As a member of the produce industry and an avid supporter of local produce, I encourage you to explore your own neighborhood and surrounding area for what's fresh and in season!  And if you're in South Jersey - be sure to check out Mood's Farm Market and their Blueberry Festival!

Friday, July 8, 2011

Generations of love

The 4th of July has always been a time for family, food, fireworks and fun for me.  Growing up, we would pack up the cars with picnic supplies, sleeping bags, bathing suits and S'mores and head to Jack's - our family farm for the long weekend.  Jack was the name of the man who had owned the house prior to my grandparents purchasing the property after his death.  It was our getaway "camp" that fostered more memories than any other home or place from my childhood.  Our whole family would head to Jack's and camp in the old, run down house.  As the years progressed, we added ponds (3 to be exact), a barn, horses, cows, a carriage house and eventually a complete remodel of the house was done.  Whether we were 6 or 16, all the kids enjoyed the traditional sparklers and S'mores around the fire!  And if we were lucky, Poppy would make us breakfast on the fire the next day! 

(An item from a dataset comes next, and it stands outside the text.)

(* Let $A=(Q,q_0,\Sigma,\delta,\alpha)$ with $Q_d$ be an LDBA and $\mathsf{Ord}$ an ordering of its states w.r.t. $Q_d$, and let $B$ be the deterministic parity automaton constructed from $A$ and $\mathsf{Ord}$ as described in the context. Then $\mathsf L(A)=\mathsf L(B)$.
   Context: A (transition-based) nondeterministic Büchi automaton is $A=(Q,q_0,\Sigma,\delta,\alpha)$ with finite $Q$, $q_0\in Q$, finite alphabet $\Sigma$, total $\delta\subseteq Q\times\Sigma\times Q$, accepting transitions $\alpha\subseteq\delta$; a run is accepting if it uses transitions of $\alpha$ infinitely often, and $\mathsf L(A)$ is the set of words with an accepting run. An LDBA additionally has $Q_d\subseteq Q$ with (1) $\alpha\subseteq Q_d\times\Sigma\times Q_d$; (2) each $q\in Q_d$ has exactly one $\sigma$-successor $\delta(q,\sigma)$ for each $\sigma$; (3) successors of states in $Q_d$ lie in $Q_d$. Assume $q_0\notin Q_d$ and write $\overline{Q_d}=Q\setminus Q_d$. For $S\subseteq Q$, $\mathsf{post}^\sigma_\delta(S)=\{q'\mid\exists q\in S:(q,\sigma,q')\in\delta\}$. An ordering w.r.t. $Q_d$ is $\mathsf{Ord}:Q\to\{1,\dots,|Q_d|,+\infty\}$ with value $+\infty$ exactly on $\overline{Q_d}$ and injective on $Q_d$. A deterministic parity automaton (DPA) $(Q',q_0',\Sigma,\delta',p)$ has a deterministic total transition function and a coloring $p$ assigning an integer to each transition; a word is accepted iff on its (unique) run the minimal color occurring infinitely often is even. For a finite set $S$, $\mathcal{OP}(S)$ is the set of pairs $(t,<)$ with $t\subseteq S$ and $<$ a strict total order on $t$; $\mathsf{Ind}_{(t,<)}(e)$ is the position of $e\in t$ in $<$ (minimum has index 1). The DPA $B=(Q^B,q^B_0,\Sigma,\delta^B,p)$: $Q^B=\mathcal P(\overline{Q_d})\times\mathcal{OP}(Q_d)$, $q^B_0=(\{q_0\},(\emptyset,\emptyset))$. For a state $(s_1,(t_1,<_1))$ and $\sigma\in\Sigma$, $\delta^B((s_1,(t_1,<_1)),\sigma)=(s_2,(t_2,<_2))$ where $s_2=\mathsf{post}^\sigma_\delta(s_1)\cap\overline{Q_d}$, $t_2=\mathsf{post}^\sigma_\delta(s_1\cup t_1)\cap Q_d$, and for $q_1,q_2\in t_2$, $q_1<_2q_2$ iff one of: (a) neither $q_1$ nor $q_2$ equals $\delta(q',\sigma)$ for any $q'\in t_1$, and $\mathsf{Ord}(q_1)<\mathsf{Ord}(q_2)$; (b) $q_1=\delta(q_1',\sigma)$ for some $q_1'\in t_1$ but $q_2$ is not $\delta(q',\sigma)$ for any $q'\in t_1$; (c) both have such predecessors in $t_1$ and $\min_{<_1}\{q'\in t_1\mid\delta(q',\sigma)=q_1\}<_1\min_{<_1}\{q'\in t_1\mid\delta(q',\sigma)=q_2\}$. Coloring of this transition: let $\mathsf{Dec}(t_1)=\{q\in t_1\mid \mathsf{Ind}_{(t_2,<_2)}(\delta(q,\sigma))<\mathsf{Ind}_{(t_1,<_1)}(q)\}$ and $\mathsf{Acc}(t_1)=\{q\in t_1\mid\exists q'\in t_2:(q,\sigma,q')\in\alpha\}$. The color is: if $\mathsf{Dec}(t_1)=\emptyset\ne\mathsf{Acc}(t_1)$: $2\min_{q\in\mathsf{Acc}(t_1)}\mathsf{Ind}_{(t_1,<_1)}(q)$; if $\mathsf{Dec}(t_1)\ne\emptyset=\mathsf{Acc}(t_1)$: $2\min_{q\in\mathsf{Dec}(t_1)}\mathsf{Ind}_{(t_1,<_1)}(q)-1$; if both nonempty: the minimum of these two values; if both empty: $2|Q_d|+1$. *)

theory Defs
  imports Main "HOL-Library.Extended_Nat"
begin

Over the years, as we grew older and thought we were "too cool" to hang out with our family for the 4th of July we would scatter from Jack's to meet with friends, head to the fireworks or go to parties.  A few years we missed the family gathering all together to attend our own important plans.  As the third generations started to scatter up and down the east coast we started a new tradition of watching the fireworks on "Grandma Betty's" front lawn in Austin.  I've seen fireworks in New York City, State College set to music played on the radio, Florida with the boat parade in the river and of course, the Galeton fireworks.  None of these compare with the show you will see at the Austin fireworks!

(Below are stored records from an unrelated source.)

lemma (in group) equiv_subgroup_conj_rel:
  "equiv {C. max_cyclic_subgroup G C} (subgroup_conj_rel G)"
proof (rule equivI)
  show "subgroup_conj_rel G \<subseteq> {C. max_cyclic_subgroup G C} \<times> {C. max_cyclic_subgroup G C}"
    unfolding subgroup_conj_rel_def by auto
  then show "refl_on {C. max_cyclic_subgroup G C} (subgroup_conj_rel G)"
  proof (intro refl_onI)
    fix C assume "C \<in> {C. max_cyclic_subgroup G C}"
    then have C: "max_cyclic_subgroup G C" by simp
    then have "C = (\<lambda>c. \<one> \<otimes> c \<otimes> inv \<one>) ` C"
      using conj_image_one max_cyclic_subgroup_subset by simp
    then show "(C, C) \<in> subgroup_conj_rel G"
      using C subgroup_conj_rel_iff one_closed by blast
  qed
  show "sym (subgroup_conj_rel G)"
  proof (rule symI)
    fix C D assume "(C, D) \<in> subgroup_conj_rel G"
    then obtain g where C: "max_cyclic_subgroup G C" and g: "g \<in> carrier G"
      and D: "D = (\<lambda>c. g \<otimes> c \<otimes> inv g) ` C"
      using subgroup_conj_rel_iff by blast
    have "max_cyclic_subgroup G D"
      using max_cyclic_subgroup_conj[OF C g] D by simp
    moreover have "C = (\<lambda>c. inv g \<otimes> c \<otimes> inv (inv g)) ` D"
      using conj_image_inv_cancel(1)[OF g max_cyclic_subgroup_subset[OF C]] D g by simp
    ultimately show "(D, C) \<in> subgroup_conj_rel G"
      using subgroup_conj_rel_iff g inv_closed by blast
  qed
  show "trans (subgroup_conj_rel G)"
  proof (rule transI)
    fix C D E assume "(C, D) \<in> subgroup_conj_rel G" "(D, E) \<in> subgroup_conj_rel G"
    then obtain x y where C: "max_cyclic_subgroup G C" and "x \<in> carrier G" "y \<in> carrier G"
      and "D = (\<lambda>c. y \<otimes> c \<otimes> inv y) ` C" "E = (\<lambda>c. x \<otimes> c \<otimes> inv x) ` D"
      using subgroup_conj_rel_iff by meson
    then have "E = (\<lambda>c. (x \<otimes> y) \<otimes> c \<otimes> inv (x \<otimes> y)) ` C"
      using conj_image_conj_image max_cyclic_subgroup_subset[OF C] by simp
    then show "(C, E) \<in> subgroup_conj_rel G"
      using subgroup_conj_rel_iff C \<open>x \<in> carrier G\<close> \<open>y \<in> carrier G\<close> m_closed by blast
  qed
qed

lemma (in group) subgroup_conj_rel_normal:
  assumes C: "C \<lhd> G" and "(C, D) \<in> subgroup_conj_rel G"
  shows "D = C"
proof -
  obtain g where g: "g \<in> carrier G" and D: "D = (g <# C) #> inv g"
    using assms(2) unfolding subgroup_conj_rel_def by blast
  have C_sub: "C \<subseteq> carrier G"
    using C normal_imp_subgroup subgroup.subset by blast
  have "g <# C = C #> g"
    using C g normal.coset_eq by blast
  then have "D = C #> (g \<otimes> inv g)"
    using D g C_sub by (simp add: coset_mult_assoc)
  then show ?thesis
    using g C_sub by simp
qed

lemma (in group_hom) subgroup_conj_rel_image:
  assumes "(D, D') \<in> subgroup_conj_rel G" and hD: "max_cyclic_subgroup H (h ` D)"
  shows "(h ` D, h ` D') \<in> subgroup_conj_rel H"
proof -
  obtain g where D: "max_cyclic_subgroup G D" and g: "g \<in> carrier G"
    and D': "D' = (\<lambda>c. g \<otimes> c \<otimes> inv g) ` D"
    using assms(1) G.subgroup_conj_rel_iff by blast
  have "h ` D' = (\<lambda>d. h g \<otimes>\<^bsub>H\<^esub> d \<otimes>\<^bsub>H\<^esub> inv\<^bsub>H\<^esub> (h g)) ` h ` D"
    unfolding D' using image_conj_image[OF g G.max_cyclic_subgroup_subset[OF D]] .
  moreover have "h g \<in> carrier H"
    using g by simp
  ultimately show ?thesis
    using hD H.subgroup_conj_rel_iff by blast
qed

The times have changed and the family has grown but the traditions remain.  This year we gathered with (almost) all 19 of us at my sister's house in Quakertown, PA to celebrate the 4th of July!  There were S'mores and sparklers still and even a breakfast on the fire!   But what was even more amazing was the realization that my son, my child can experience the same heart warming effects of a weekend spent with family!

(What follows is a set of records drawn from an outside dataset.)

lemma chains_append_shift:
  assumes a: "\<forall>i. 0 \<le> a $ i" and b: "\<forall>i. 0 \<le> b $ i"
    and ws1: "ws1 \<in> chains \<alpha> X (a, \<lambda>_. 0)" and ws2: "ws2 \<in> chains \<alpha> (shift_config a X) (b, \<lambda>_. 0)"
  shows "ws1 @ map (\<lambda>w. (fst w + a, snd w)) ws2 \<in> chains \<alpha> X (a + b, \<lambda>_. 0)"
proof -
  let ?u = "\<lambda>w::'a point. (fst w + a, snd w)"
  have s1: "set ws1 \<subseteq> X" "ws1 \<noteq> [] \<Longrightarrow> preceq (0, \<lambda>_. 0) (hd ws1) \<and> prec \<alpha> (last ws1) (a, \<lambda>_. 0)"
     "successively (prec \<alpha>) ws1" using ws1 unfolding chains_iff by auto
  have s2: "set ws2 \<subseteq> shift_config a X" "ws2 \<noteq> [] \<Longrightarrow> preceq (0, \<lambda>_. 0) (hd ws2) \<and> prec \<alpha> (last ws2) (b, \<lambda>_. 0)"
     "successively (prec \<alpha>) ws2" using ws2 unfolding chains_iff by auto
  have "set (ws1 @ map ?u ws2) \<subseteq> X"
    using s1(1) s2(1) by (auto simp: shift_config_def)
  moreover have "successively (prec \<alpha>) (ws1 @ map ?u ws2)"
  proof -
    have "prec \<alpha> (last ws1) (hd (map ?u ws2))" if "ws1 \<noteq> []" "ws2 \<noteq> []"
      using s1(2)[OF that(1)] s2(2)[OF that(2)] that
      unfolding prec_def preceq_def by (auto simp: hd_map intro: less_le_trans)
    then show ?thesis
      using s1(3) s2(3) by (auto simp: successively_append_iff successively_map prec_def)
  qed
  moreover have "preceq (0, \<lambda>_. 0) (hd (ws1 @ map ?u ws2))" if "ws1 @ map ?u ws2 \<noteq> []"
    using that s1(2) s2(2) a unfolding preceq_def
    by (cases "ws1 = []") (auto simp: hd_map add_nonneg_nonneg)
  moreover have "prec \<alpha> (last (ws1 @ map ?u ws2)) (a + b, \<lambda>_. 0)" if "ws1 @ map ?u ws2 \<noteq> []"
  proof (cases "ws2 = []")
    case True
    then show ?thesis using that s1(2) b unfolding prec_def by (auto intro: less_le_trans add_increasing2)
  next
    case False
    then show ?thesis using s2(2) unfolding prec_def by (auto simp: last_map add.commute)
  qed
  ultimately show ?thesis unfolding chains_iff by blast
qed

lemma SC_superadditive:
  assumes a: "\<forall>i. 0 \<le> a $ i" and b: "\<forall>i. 0 \<le> b $ i"
  shows "SC d2 \<alpha> X (a, \<lambda>_. 0) + SC d2 \<alpha> (shift_config a X) (b, \<lambda>_. 0) \<le> SC d2 \<alpha> X (a + b, \<lambda>_. 0)"
proof -
  let ?r = "\<lambda>c ws. ereal (real (length ws) - Vcost d2 (c, \<lambda>_. 0) ws)"
  let ?A = "chains \<alpha> X (a, \<lambda>_. 0)" and ?B = "chains \<alpha> (shift_config a X) (b, \<lambda>_. 0)"
  have upper: "?r a ws1 + ?r b ws2 \<le> SC d2 \<alpha> X (a + b, \<lambda>_. 0)" if "ws1 \<in> ?A" "ws2 \<in> ?B" for ws1 ws2
  proof -
    let ?ws = "ws1 @ map (\<lambda>w. (fst w + a, snd w)) ws2"
    have "Vcost d2 (a + b, \<lambda>_. 0) ?ws = Vcost d2 (a + b, \<lambda>_. 0) (ws1 @ ws2)"
      by (rule Vcost_cong_snd) (simp_all add: comp_def)
    also have "\<dots> \<le> Vcost d2 (a, \<lambda>_. 0) ws1 + Vcost d2 (b, \<lambda>_. 0) ws2"
      by (rule Vcost_append_le)
    finally have "?r a ws1 + ?r b ws2 \<le> ?r (a + b) ?ws"
      by simp
    also have "\<dots> \<le> SC d2 \<alpha> X (a + b, \<lambda>_. 0)"
      by (intro SC_ge_chain chains_append_shift a b that)
    finally show ?thesis .
  qed
  have "?B \<noteq> {}"
    using Nil_in_chains by blast
  then have "?r a ws1 + SC d2 \<alpha> (shift_config a X) (b, \<lambda>_. 0) \<le> SC d2 \<alpha> X (a + b, \<lambda>_. 0)"
    if "ws1 \<in> ?A" for ws1
    using upper[OF that] unfolding SC_def[of d2 \<alpha> "shift_config a X"]
    by (subst SUP_ereal_add_right[symmetric]) (auto intro: SUP_least)
  moreover have "?A \<noteq> {}"
    using Nil_in_chains by blast
  moreover have "SC d2 \<alpha> (shift_config a X) (b, \<lambda>_. 0) \<noteq> -\<infinity>"
    using SC_nonneg[of d2 \<alpha> "shift_config a X" b] by auto
  ultimately show ?thesis
    unfolding SC_def[of d2 \<alpha> X "(a, \<lambda>_. 0)"]
    by (subst SUP_ereal_add_left[symmetric]) (auto intro: SUP_least)
qed

section \<open>Dyadic approximation\<close>

definition dyadic_index :: "nat \<Rightarrow> ('d1::finite) point \<Rightarrow> ('d1 \<Rightarrow> int) \<times> (nat \<Rightarrow> int)" where
  "dyadic_index n w = ((\<lambda>i. \<lfloor>2^n * fst w $ i\<rfloor>), snd w)"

I watched as my grandparents spent time with each grandchild and great-grandchild.  I watched as my parents snuggled Cooper and his cousins during the fireworks.  I watched my mom, sister and Aunt spend time in the kitchen together.  It was memorable!  It just goes to show that it doesn't matter WHERE we are as long as we're together!  That is very cliche, but it's true!  Family is the most important thing in life!

Some things continue throughout the years.......like Kelly learning how to "burl"

and a family volleyball game



And some traditions are new like Family Olympics with a winning team

and Cake Pops




I hope you all enjoyed your 4th of July with family, friends and loved ones.